==== Entries supplied

text \<open>The frame of all empty-heap Ok states is admissible and is a unit for the
hyper separating conjunction, so instantiating validity with it gives (1).
For (2), an overapproximating set differs from the actual one only in that each
Uk state may stand for arbitrary states with the same logical store. Atoms that
never mention Uk see only exact states; universally quantified states of the
actual set are matched by their overapproximations; and existentially quantified
states carry label Ok or Er, hence belong to the actual set. So a
\<star>-free assertion with these restrictions is closed under relaxation.\<close>

lemma overapprox_refl: "overapprox \<omega> \<omega>"
  unfolding overapprox_def by (cases "lab \<omega>") auto

definition emp_frame :: assn where
  "emp_frame = {(\<Lambda>, (s, fmempty), Ok) | \<Lambda> s. True}"

lemma admissible_frame_emp_frame: "admissible_frame C emp_frame"
  unfolding admissible_frame_def emp_frame_def lab_def by auto

lemma comb_emp_frame: "comb \<omega> (fst \<omega>, (fst (fst (snd \<omega>)), fmempty), Ok) \<omega>"
  unfolding comb_def by (cases \<omega>; cases "snd (snd \<omega>)") auto

lemma comb_emp_frameD: "\<omega>2 \<in> emp_frame \<Longrightarrow> comb \<omega>1 \<omega>2 \<omega> \<Longrightarrow> \<omega> = \<omega>1"
  unfolding comb_def emp_frame_def by (cases \<omega>1; cases \<omega>; cases "snd (snd \<omega>1)") auto

lemma hstar_Pow_emp_frame: "hstar P (Pow emp_frame) = P"
proof (intro set_eqI iffI)
  fix S assume "S \<in> hstar P (Pow emp_frame)"
  then obtain SP SF where "SP \<in> P" "SF \<subseteq> emp_frame" "S \<subseteq> sep_conj SP SF"
    and SP_covered: "\<forall>\<omega>1\<in>SP. \<exists>\<omega>\<in>S. \<exists>\<omega>2\<in>SF. comb \<omega>1 \<omega>2 \<omega>"
    unfolding hstar_def by blast
  have "S \<subseteq> SP"
    using \<open>S \<subseteq> sep_conj SP SF\<close> \<open>SF \<subseteq> emp_frame\<close> comb_emp_frameD
    unfolding sep_conj_def by blast
  moreover have "SP \<subseteq> S"
    using SP_covered \<open>SF \<subseteq> emp_frame\<close> comb_emp_frameD by blast
  ultimately show "S \<in> P" using \<open>SP \<in> P\<close> by simp
next
  fix S assume "S \<in> P"
  let ?SF = "(\<lambda>\<omega>. (fst \<omega>, (fst (fst (snd \<omega>)), fmempty), Ok)) ` S"
  have "?SF \<in> Pow emp_frame" unfolding emp_frame_def by auto
  moreover have "S \<subseteq> sep_conj S ?SF" unfolding sep_conj_def using comb_emp_frame by blast
  ultimately show "S \<in> hstar P (Pow emp_frame)"
    unfolding hstar_def using \<open>S \<in> P\<close> comb_emp_frame by blast
qed

lemma valid_sem_in_relax: "valid P C Q \<Longrightarrow> S \<in> P \<Longrightarrow> sem C S \<in> relax Q"
  using admissible_frame_emp_frame hstar_Pow_emp_frame unfolding valid_def by metis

========

## Exercise
Exactly as written, repeat the lines from the start of the listing through the line containing "(snd \<omega>)), fmempty), Ok))", both included.

## Response to this task
text \<open>The frame of all empty-heap Ok states is admissible and is a unit for the
hyper separating conjunction, so instantiating validity with it gives (1).
For (2), an overapproximating set differs from the actual one only in that each
Uk state may stand for arbitrary states with the same logical store. Atoms that
never mention Uk see only exact states; universally quantified states of the
actual set are matched by their overapproximations; and existentially quantified
states carry label Ok or Er, hence belong to the actual set. So a
\<star>-free assertion with these restrictions is closed under relaxation.\<close>

lemma overapprox_refl: "overapprox \<omega> \<omega>"
  unfolding overapprox_def by (cases "lab \<omega>") auto

definition emp_frame :: assn where
  "emp_frame = {(\<Lambda>, (s, fmempty), Ok) | \<Lambda> s. True}"

lemma admissible_frame_emp_frame: "admissible_frame C emp_frame"
  unfolding admissible_frame_def emp_frame_def lab_def by auto

lemma comb_emp_frame: "comb \<omega> (fst \<omega>, (fst (fst (snd \<omega>)), fmempty), Ok) \<omega>"
  unfolding comb_def by (cases \<omega>; cases "snd (snd \<omega>)") auto

lemma comb_emp_frameD: "\<omega>2 \<in> emp_frame \<Longrightarrow> comb \<omega>1 \<omega>2 \<omega> \<Longrightarrow> \<omega> = \<omega>1"
  unfolding comb_def emp_frame_def by (cases \<omega>1; cases \<omega>; cases "snd (snd \<omega>1)") auto

lemma hstar_Pow_emp_frame: "hstar P (Pow emp_frame) = P"
proof (intro set_eqI iffI)
  fix S assume "S \<in> hstar P (Pow emp_frame)"
  then obtain SP SF where "SP \<in> P" "SF \<subseteq> emp_frame" "S \<subseteq> sep_conj SP SF"
    and SP_covered: "\<forall>\<omega>1\<in>SP. \<exists>\<omega>\<in>S. \<exists>\<omega>2\<in>SF. comb \<omega>1 \<omega>2 \<omega>"
    unfolding hstar_def by blast
  have "S \<subseteq> SP"
    using \<open>S \<subseteq> sep_conj SP SF\<close> \<open>SF \<subseteq> emp_frame\<close> comb_emp_frameD
    unfolding sep_conj_def by blast
  moreover have "SP \<subseteq> S"
    using SP_covered \<open>SF \<subseteq> emp_frame\<close> comb_emp_frameD by blast
  ultimately show "S \<in> P" using \<open>SP \<in> P\<close> by simp
next
  fix S assume "S \<in> P"
  let ?SF = "(\<lambda>\<omega>. (fst \<omega>, (fst (fst (snd \<omega>)), fmempty), Ok)) ` S"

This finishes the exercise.